Before publishing, confirm:

- `blitzkode.gguf` exists and loads locally.
- Adapter directories contain `adapter_config.json` and adapter weights.
- `MODEL_CARD.md`, `README.md`, and `datasets/MANIFEST.md` match the artifact versions.
- The token has write access to the intended repos.

Never paste real tokens into documentation, committed scripts, or issue comments.

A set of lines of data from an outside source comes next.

lemma bij_betw_remove_Theta:
  assumes "\<theta> \<in> Theta n (Suc j)"
  shows "bij_betw (\<lambda>z. \<theta>(z := None)) (dom \<theta>) {\<phi> \<in> Theta n j. \<phi> \<subseteq>\<^sub>m \<theta>}"
proof (rule bij_betw_imageI)
  show "inj_on (\<lambda>z. \<theta>(z := None)) (dom \<theta>)"
    by (rule inj_onI) (metis domIff fun_upd_same fun_upd_other)
  show "(\<lambda>z. \<theta>(z := None)) ` dom \<theta> = {\<phi> \<in> Theta n j. \<phi> \<subseteq>\<^sub>m \<theta>}"
  proof (intro equalityI subsetI)
    fix \<phi> assume "\<phi> \<in> (\<lambda>z. \<theta>(z := None)) ` dom \<theta>"
    then show "\<phi> \<in> {\<phi> \<in> Theta n j. \<phi> \<subseteq>\<^sub>m \<theta>}"
      using Theta_remove[OF assms] by (auto simp: map_le_def split: if_splits)
  next
    fix \<phi> assume "\<phi> \<in> {\<phi> \<in> Theta n j. \<phi> \<subseteq>\<^sub>m \<theta>}"
    then have "\<phi> \<subseteq>\<^sub>m \<theta>" "card (dom \<theta>) = Suc (card (dom \<phi>))"
      using assms by (auto simp: Theta_def)
    then obtain z y where "z \<notin> dom \<phi>" "\<theta> = \<phi>(z \<mapsto> y)"
      using map_le_card_SucE finite_dom_Theta[OF assms] by metis
    then show "\<phi> \<in> (\<lambda>z. \<theta>(z := None)) ` dom \<theta>"
      by (intro image_eqI[of _ _ z]) (auto simp: domIff)
  qed
qed

lemma bij_betw_extend_Theta:
  assumes "\<phi> \<in> Theta n j"
  shows "bij_betw (\<lambda>(x, y). \<phi>(x \<mapsto> y)) (({1..n} - dom \<phi>) \<times> UNIV)
           {\<theta> \<in> Theta n (Suc j). \<phi> \<subseteq>\<^sub>m \<theta>}"
proof (rule bij_betw_imageI)
  show "inj_on (\<lambda>(x, y). \<phi>(x \<mapsto> y)) (({1..n} - dom \<phi>) \<times> UNIV)"
    by (rule inj_onI) (auto simp: domIff fun_eq_iff split: if_splits)
  show "(\<lambda>(x, y). \<phi>(x \<mapsto> y)) ` (({1..n} - dom \<phi>) \<times> UNIV) = {\<theta> \<in> Theta n (Suc j). \<phi> \<subseteq>\<^sub>m \<theta>}"
  proof (intro equalityI subsetI)
    fix \<theta> assume "\<theta> \<in> (\<lambda>(x, y). \<phi>(x \<mapsto> y)) ` (({1..n} - dom \<phi>) \<times> UNIV)"
    then obtain x y where "x \<in> {1..n} - dom \<phi>" "\<theta> = \<phi>(x \<mapsto> y)"
      by (elim imageE SigmaE) auto
    then show "\<theta> \<in> {\<theta> \<in> Theta n (Suc j). \<phi> \<subseteq>\<^sub>m \<theta>}"
      using Theta_extend[OF assms] by (auto simp: map_le_def)
  next
    fix \<theta> assume \<theta>: "\<theta> \<in> {\<theta> \<in> Theta n (Suc j). \<phi> \<subseteq>\<^sub>m \<theta>}"
    then have "\<phi> \<subseteq>\<^sub>m \<theta>" "card (dom \<theta>) = Suc (card (dom \<phi>))"
      using assms by (auto simp: Theta_def)
    then obtain z y where z: "z \<notin> dom \<phi>" "\<theta> = \<phi>(z \<mapsto> y)"
      using map_le_card_SucE finite_dom_Theta[of \<theta>] \<theta> by blast
    then have "z \<in> {1..n}"
      using \<theta> by (auto simp: Theta_def)
    with z show "\<theta> \<in> (\<lambda>(x, y). \<phi>(x \<mapsto> y)) ` (({1..n} - dom \<phi>) \<times> UNIV)"
      by force
  qed
qed

lemma Dstar_Suc_eq:
  "\<theta> \<in> Theta n (Suc j) \<Longrightarrow> Dstar n (Suc j) G \<theta> = (\<Sum>z\<in>dom \<theta>. G (\<theta>(z := None)))"
  using sum.reindex_bij_betw[OF bij_betw_remove_Theta, of \<theta> n j G] by (simp add: Dstar_def)

lemma Dop_Suc_eq:
  "\<phi> \<in> Theta n j \<Longrightarrow> Dop n (Suc j) G \<phi> = (\<Sum>x\<in>{1..n} - dom \<phi>. \<Sum>y\<in>UNIV. G (\<phi>(x \<mapsto> y)))"
  using sum.reindex_bij_betw[OF bij_betw_extend_Theta, of \<phi> n j G]
  by (simp add: Dop_def sum.cartesian_product split_beta)

section \<open>Commutation relations\<close>

definition resample_sum :: "((nat \<rightharpoonup> 'y::finite) \<Rightarrow> complex) \<Rightarrow> (nat \<rightharpoonup> 'y) \<Rightarrow> complex" where
  "resample_sum G \<psi> = (\<Sum>z\<in>dom \<psi>. \<Sum>y\<in>UNIV. G (\<psi>(z \<mapsto> y)))"

lemma Dstar_Dop_eq:
  assumes "\<psi> \<in> Theta n j"
  shows "Dstar n j (Dop n j G) \<psi> =
    (\<Sum>z\<in>dom \<psi>. \<Sum>x\<in>{1..n} - (dom \<psi> - {z}). \<Sum>y\<in>UNIV. G ((\<psi>(z := None))(x \<mapsto> y)))"
proof (cases j)
  case 0
  then have "dom \<psi> = {}"
    using assms finite_dom_Theta[OF assms] by (auto simp: Theta_def)
  with 0 show ?thesis by (simp add: Dop_def Dstar_def)
next
  case (Suc i)
  with assms show ?thesis
    by (simp add: Dstar_Suc_eq Dop_Suc_eq Theta_remove)
qed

## 10. Common failure modes

| Symptom | Likely cause | Fix |
|---|---|---|
| `/health` returns `degraded` | Model file missing from configured path | Mount or copy `blitzkode.gguf`; verify `BLITZKODE_MODEL_PATH`. |
| Startup hangs while loading | Large context/batch or slow CPU disk load | Reduce `BLITZKODE_N_CTX` / `BLITZKODE_BATCH`, check disk and RAM. |
| Container exits on first request | llama.cpp cannot load model | Verify GGUF file integrity and llama-cpp-python compatibility. |
| Browser cannot call API | CORS origin mismatch | Set `BLITZKODE_CORS_ORIGINS` to the deployed UI origin. |
| HTTP 401 | Missing or wrong bearer token | Send `Authorization: Bearer <BLITZKODE_API_KEY>`. |
| HTTP 429 | Rate limit exceeded | Increase `BLITZKODE_RATE_LIMIT_MAX` or add an upstream queue/limit policy. |
| Research mode fails | Web search disabled or network blocked | Set `BLITZKODE_WEB_SEARCH=true` and verify outbound HTTP access. |

## 11. Operational notes

- Treat generated code as assistant output, not an automatically trusted patch.
- Prefer `/generate/research` for current APIs or documentation-sensitive questions.
- Keep logs free of prompts if prompts may contain private code or secrets.
- Rotate `BLITZKODE_API_KEY` and HuggingFace tokens regularly.
- Re-run the full validation suite after changing dependencies, model artifacts, or Docker base images.